Bava Kamma Chapter Ten Mishnayoth Nine and Ten



Mishnah nine deals with items one may purchase from certain people without concern that they may have been stolen.

Mishnah ten deals with a craftsman’s rights to keep the by-products of their work.  In the days of the mishnah a craftsman often did the work but did not provide the raw materials.  For instance, a person would bring some cloth to a tailor and the tailor would sew it into a dress.  Or a person would bring wood to a carpenter, who would use the wood to make a table.  Inevitably there will be material that was given to the craftsman that is not part of the finished product.  Our mishnah asks the question to whom do these materials belong.


Mishnah Nine

1)                     One is not to buy wool or milk or kids from herdsmen, not fruit from those that watch over fruit-trees. 

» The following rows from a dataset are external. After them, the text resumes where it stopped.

(* Let $X\in\mathbb{R}^{n\times m}$ be a random matrix with independent centered entries that are sub-Poisson with variance proxy $\sigma^2$, and let $S_i=\|X_{i:}\|_1-\mathbb{E}\|X_{i:}\|_1$ for $i\in[n]$. If $m\sigma^2\le8\log(en)$, then for all $t\ge0$, $$\Pr\Big(\sum_{i=1}^n\mathbb{I}\{S_i\ge(1+t)m\sigma^2\}\ge\frac{en}{e^{m\sigma^2/8}}\Big)\le(en)^{-t}.$$ If $m\sigma^2\ge8\log(en)$, then for all $t\ge0$, $$\Pr\Big(\max_iS_i\ge(1+t)\sqrt{8m\sigma^2\log(en)}\Big)\le(en)^{-t}.$$
   Context: A real random variable $Y$ is sub-Poisson with variance proxy $\sigma^2\ge0$ if $\mathbb{E}e^{\lambda(Y-\mathbb{E}Y)}\le\exp\{\sigma^2(e^{|\lambda|}-1-|\lambda|)\}$ for all $\lambda\in\mathbb{R}$. $\|\cdot\|_1$ is the $\ell_1$ norm of a row. *)

theory Defs
  imports "HOL-Probability.Probability"
begin

definition sub_poisson :: "'a measure \<Rightarrow> ('a \<Rightarrow> real) \<Rightarrow> real \<Rightarrow> bool" where
  "sub_poisson M Y s2 \<longleftrightarrow> s2 \<ge> 0 \<and> integrable M Y \<and>
     (\<forall>l::real. integrable M (\<lambda>x. exp (l * (Y x - integral\<^sup>L M Y))) \<and>
        integral\<^sup>L M (\<lambda>x. exp (l * (Y x - integral\<^sup>L M Y)))
          \<le> exp (s2 * (exp \<bar>l\<bar> - 1 - \<bar>l\<bar>)))"

definition row_dev :: "'a measure \<Rightarrow> (nat \<Rightarrow> nat \<Rightarrow> 'a \<Rightarrow> real) \<Rightarrow> nat \<Rightarrow> nat \<Rightarrow> 'a \<Rightarrow> real" where
  "row_dev M X m i \<omega> = (\<Sum>j<m. \<bar>X i j \<omega>\<bar>) - integral\<^sup>L M (\<lambda>\<omega>'. \<Sum>j<m. \<bar>X i j \<omega>'\<bar>)"

end

theory Submission
  imports Defs
begin

(* For l >= 0 the pointwise bound exp (l |y|) <= exp (l y) + exp (- l y) - 1 + l |y| turns the
   sub-Poisson bound on X_ij into E exp (l (|X_ij| - E |X_ij|)) <= exp (2 sigma2 psi l), where
   psi l = exp l - 1 - l. By independence and Markov's inequality, any k given rows all have
   S_i >= x with probability at most p^k, p = exp (- l x + 2 m sigma2 psi l); a union bound over
   the (n choose k) <= (e n / k)^k sets of k rows then bounds the probability that at least k rows
   exceed x. For m sigma2 <= 8 log (e n) take l = 1/4, x = (1 + t) m sigma2 and
   k = ceil (e n exp (- m sigma2 / 8)); then k m sigma2 / 8 >= log (e n) because w exp (- w)
   decreases on [1, oo). For m sigma2 >= 8 log (e n) take k = 1 and
   l = sqrt (log (e n) / (2 m sigma2)) <= 1/4, so that psi l <= l^2. *)

lemma power_div_fact_le_exp:
  fixes x :: real
  assumes "0 \<le> x"
  shows "x ^ n / fact n \<le> exp x"
proof -
  have "(\<Sum>i\<in>{n}. inverse (fact i) * x ^ i) \<le> (\<Sum>i. inverse (fact i) * x ^ i)"
    using assms by (intro sum_le_suminf[OF summable_exp]) auto
  then show ?thesis by (simp add: exp_def divide_inverse mult.commute)
qed

lemma binomial_le_exp_mult_div_power:
  assumes "1 \<le> k"
  shows "real (n choose k) \<le> (exp 1 * real n / real k) ^ k"
proof -
  have "real (n choose k) * fact k \<le> real n ^ k"
    using binomial_fact_pow[of n k] by (metis of_nat_fact of_nat_le_iff of_nat_mult of_nat_power)
  then have "real (n choose k) \<le> real n ^ k / fact k"
    by (simp add: field_simps)
  also have "\<dots> = (real n / real k) ^ k * (real k ^ k / fact k)"
    using assms by (simp add: power_divide)
  also have "\<dots> \<le> (real n / real k) ^ k * exp 1 ^ k"
    by (intro mult_left_mono) (simp_all add: power_div_fact_le_exp flip: exp_of_nat_mult)
  also have "\<dots> = (exp 1 * real n / real k) ^ k"
    by (simp add: power_mult_distrib[symmetric] mult.commute)
  finally show ?thesis .
qed

lemma exp_abs_le:
  fixes l x :: real
  shows "exp (l * \<bar>x\<bar>) \<le> exp (l * x) + exp (- l * x) - 1 + l * \<bar>x\<bar>"
proof (cases "x \<ge> 0")
  case True
  have "1 + - (l * x) \<le> exp (- (l * x))" by (rule exp_ge_add_one_self)
  with True show ?thesis by simp
next
  case False
  then show ?thesis by (simp add: algebra_simps)
qed

lemma exp_minus_one_minus_le_square:
  fixes l :: real
  assumes "0 \<le> l" and "l \<le> 1"
  shows "exp l - 1 - l \<le> l\<^sup>2"
  using assms exp_bound[of l] by simp

lemma exp_minus_mult_two_exp_le:
  fixes a u :: real
  assumes "0 \<le> a" and "0 \<le> u"
  shows "exp (- a) * (2 * exp u - 1 + a) \<le> exp (2 * u)"
proof -
  have "exp (- a) * (1 + a) \<le> exp (- a) * exp a"
    by (intro mult_left_mono exp_ge_add_one_self) simp
  then have "exp (- a) * (1 + a) \<le> 1" by (simp flip: exp_add)
  moreover have "exp (- a) * (2 * exp u - 2) \<le> 2 * exp u - 2"
    using assms by (intro mult_left_le_one_le) auto
  moreover have "2 * exp u - 1 \<le> exp (2 * u)"
    using zero_le_power2[of "exp u - 1"]
    by (simp add: power2_eq_square algebra_simps flip: exp_add)
  ultimately show ?thesis by (simp add: algebra_simps)
qed

lemma mult_exp_minus_antimono:
  fixes w L :: real
  assumes "1 \<le> w" and "w \<le> L"
  shows "L * exp (- L) \<le> w * exp (- w)"
proof -
  have "ln (L / w) \<le> L / w - 1" using assms by (intro ln_le_minus_one) auto
  also have "\<dots> \<le> L - w"
    using assms mult_nonneg_nonneg[of "L - w" "w - 1"] by (simp add: field_simps)
  finally have "ln L - L \<le> ln w - w" using assms by (simp add: ln_div)
  then have "exp (ln L - L) \<le> exp (ln w - w)" by simp
  then show ?thesis using assms by (simp add: exp_diff exp_minus field_simps)
qed

lemma choose_mult_exp_power_le:
  fixes w t :: real and n k :: nat
  assumes w: "1 \<le> w" "w \<le> ln (exp 1 * real n)" and t: "0 \<le> t"
    and k: "exp 1 * real n / exp w \<le> real k"
  shows "real (n choose k) * exp (- w - 2 * t * w) ^ k \<le> (exp 1 * real n) powr (- t)"
proof -
  define L where "L = ln (exp 1 * real n)"
  have "0 < real n" using w by (cases "n = 0") auto
  then have eL: "exp L = exp 1 * real n" unfolding L_def by simp
  have "0 < exp 1 * real n / exp w" using \<open>0 < real n\<close> by simp
  with k have "1 \<le> k" by (cases k) auto
  have "L \<le> w * real k"
  proof -
    have "L = L * exp (- L) * exp L" by (simp flip: exp_add)
    also have "\<dots> \<le> w * exp (- w) * exp L"
      using mult_exp_minus_antimono[OF w(1)] w(2) by (intro mult_right_mono) (auto simp: L_def)
    also have "\<dots> = w * (exp 1 * real n / exp w)" using eL by (simp add: exp_minus field_simps)
    also have "\<dots> \<le> w * real k" using k w by (intro mult_left_mono) auto
    finally show ?thesis .
  qed
  have "real (n choose k) * exp (- w - 2 * t * w) ^ k
      \<le> (exp 1 * real n / real k) ^ k * exp (- w - 2 * t * w) ^ k"
    using \<open>1 \<le> k\<close> by (intro mult_right_mono binomial_le_exp_mult_div_power) auto
  also have "\<dots> = (exp 1 * real n / real k * exp (- w - 2 * t * w)) ^ k"
    by (simp only: power_mult_distrib)
  also have "\<dots> = (exp 1 * real n / exp w / real k * exp (- 2 * t * w)) ^ k"
    by (simp add: exp_diff exp_minus field_simps)
  also have "\<dots> \<le> exp (- 2 * t * w) ^ k"
  proof (intro power_mono mult_left_le_one_le)
    show "exp 1 * real n / exp w / real k \<le> 1"
      using k \<open>1 \<le> k\<close> by (simp add: pos_divide_le_eq mult.commute)
  qed auto
  also have "\<dots> = exp (- (t * (2 * (w * real k))))" by (simp add: algebra_simps flip: exp_of_nat_mult)
  also have "\<dots> \<le> exp (- (t * L))"
  proof -
    have "L \<le> 2 * (w * real k)"
      using \<open>L \<le> w * real k\<close> mult_nonneg_nonneg[of w "real k"] w by linarith
    then show ?thesis using t by (simp add: mult_left_mono)
  qed
  also have "\<dots> = (exp 1 * real n) powr (- t)" using \<open>0 < real n\<close> by (simp add: L_def powr_def)
  finally show ?thesis .
qed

a)                                           However, one may buy garments of wool from women in Judea and garments of flax from women in the Galilee or calves in the Sharon.

b)                                          And in all cases in which [the seller] says to hide them away, it is forbidden [to purchase the item].

2)                     One may buy eggs and fowls in any case.


Explanation—Mishnah Nine

Our mishnah is concerned with the possibility that one may unknowingly purchase stolen goods from another person.  Therefore, the mishnah lists those from whom one should not purchase certain items less they be stolen and those from whom one can purchase.  Section one states that one should not purchase things from herdsmen that may have been illegally obtained from the herd which belongs to someone else.  Likewise one may not buy things from an orchard watcher that he may have illegally obtained from the orchard.  Although we cannot be sure that the product was stolen, the mishnah states that society should avoid giving the herdsmen or orchard watcher the temptation to steal and sell.  If no one buys from him than he will not be able to peddle his stolen goods.  Section 1a is a contrast to section 1.  The women mentioned in this mishnah are probably doing work with things that belong to their husbands.  For instance women in Judea spin and make cloth from the wool that their husbands gather from sheep.  The same is true with regards to flax in the Galilee and calves in the Sharon.  In these cases one may purchase the items without fear that the wife is stealing from the husband.  Since the husband in general expects that his wife will sell the product which she makes, one need not fear of her doing so without her husband’s permission.

Section 1c and 2 state general reservations on the previous two sections.  If one states that the purchaser should not let anyone know about the purchase, obviously something is wrong and the purchaser should not buy the item.  Section 2 states that one need never fear when purchasing eggs or chickens.  Evidently these items are so common that even those who have access to other people’s chickens and eggs will also have their own to sell, and therefore we can assume that when they sell, they are not selling stolen property.


Mishnah Ten

1)                     Shreds of wool which the laundryman pulls out belong to him, but those which the woolcomber pull out belong to the householder.

2)                     If the laundryman pulled out three threads, they belong to him, but if more than this they belong to the householder.

a)                                           If there were black threads among the white, he may take them all and they are his.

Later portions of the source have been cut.